Assignment: Your response should contain every line from the data below that holds the string "using".

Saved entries

theorem lemma3:
  fixes d :: nat and \<phi> :: "nat \<Rightarrow> real" and v :: "nat \<Rightarrow> complex" and z :: real
  assumes d: "d \<ge> 1"
    and z: "z \<ge> 0"
    and pos: "\<phi> 1 > 0"
    and mono: "\<And>i j. 1 \<le> i \<Longrightarrow> i \<le> j \<Longrightarrow> j \<le> d \<Longrightarrow> \<phi> i \<le> \<phi> j"
    and v: "\<And>m. m \<in> {1..d} \<Longrightarrow> v m \<noteq> 0"
  shows
    "(\<forall>l. secf_root d \<phi> v z l \<longrightarrow> l > z)
   \<and> (\<forall>k. k \<in> {1..d} \<and> \<phi> k > z \<and> (\<forall>m\<in>{1..d}. \<phi> m > z \<longrightarrow> k \<le> m) \<longrightarrow>
        (finite {l. secf_root d \<phi> v z l \<and> z < l \<and> l < \<phi> k}
         \<and> card {l. secf_root d \<phi> v z l \<and> z < l \<and> l < \<phi> k} \<le> 2)
      \<and> (\<forall>L\<in>{k+1..d}.
           finite {l. secf_root d \<phi> v z l \<and> \<phi> (L - 1) < l \<and> l < \<phi> L}
         \<and> card {l. secf_root d \<phi> v z l \<and> \<phi> (L - 1) < l \<and> l < \<phi> L} \<le> 2))
   \<and> (\<exists>!l. l > max (\<phi> d) z \<and> secf_root d \<phi> v z l)"
proof -
  have \<phi>_pos: "\<phi> m > 0" if "m \<in> {1..d}" for m
    using pos mono[of 1 m] that by auto
  have roots_gt_z: "\<forall>l. secf_root d \<phi> v z l \<longrightarrow> l > z"
    using secf_root_gt_z[of d \<phi> v, OF d \<phi>_pos v] by blast
  have first_gap: "finite {l. secf_root d \<phi> v z l \<and> z < l \<and> l < \<phi> k}
      \<and> card {l. secf_root d \<phi> v z l \<and> z < l \<and> l < \<phi> k} \<le> 2"
    if k: "k \<in> {1..d} \<and> \<phi> k > z \<and> (\<forall>m\<in>{1..d}. \<phi> m > z \<longrightarrow> k \<le> m)" for k
  proof (intro finite_card_secf_roots_le_2)
    show "\<phi> m \<notin> {z<..<\<phi> k}" if "m \<in> {1..d}" for m
      using k mono[of k m] that by force
  qed (use d z \<phi>_pos v in auto)
  have later_gap: "finite {l. secf_root d \<phi> v z l \<and> \<phi> (L - 1) < l \<and> l < \<phi> L}
      \<and> card {l. secf_root d \<phi> v z l \<and> \<phi> (L - 1) < l \<and> l < \<phi> L} \<le> 2"
    if "2 \<le> L" "L \<le> d" for L
  proof (intro finite_card_secf_roots_le_2)
    have "L - 1 \<in> {1..d}" using that by auto
    then show "0 \<le> \<phi> (L - 1)" using \<phi>_pos less_imp_le by blast
    show "\<phi> m \<notin> {\<phi> (L - 1)<..<\<phi> L}" if "m \<in> {1..d}" for m
      using mono_not_between_consecutive[of d \<phi> L m] mono that \<open>2 \<le> L\<close> \<open>L \<le> d\<close> by blast
  qed (use d \<phi>_pos v in auto)
  have "\<exists>!l. \<phi> d < l \<and> secf_root d \<phi> v z l"
    using d v \<phi>_pos mono by (intro ex1_secf_root_gt_pole[of d]) (auto simp: less_imp_le)
  moreover have "max (\<phi> d) z < l \<and> secf_root d \<phi> v z l \<longleftrightarrow> \<phi> d < l \<and> secf_root d \<phi> v z l" for l
    using roots_gt_z by auto
  ultimately have "\<exists>!l. l > max (\<phi> d) z \<and> secf_root d \<phi> v z l"
    by simp
  with roots_gt_z first_gap later_gap show ?thesis
    by auto
qed

end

Result:
    using pos mono[of 1 m] that by auto
    using secf_root_gt_z[of d \<phi> v, OF d \<phi>_pos v] by blast
      using k mono[of k m] that by force
    have "L - 1 \<in> {1..d}" using that by auto
    then show "0 \<le> \<phi> (L - 1)" using \<phi>_pos less_imp_le by blast
      using mono_not_between_consecutive[of d \<phi> L m] mono that \<open>2 \<le> L\<close> \<open>L \<le> d\<close> by blast
    using d v \<phi>_pos mono by (intro ex1_secf_root_gt_pole[of d]) (auto simp: less_imp_le)
    using roots_gt_z by auto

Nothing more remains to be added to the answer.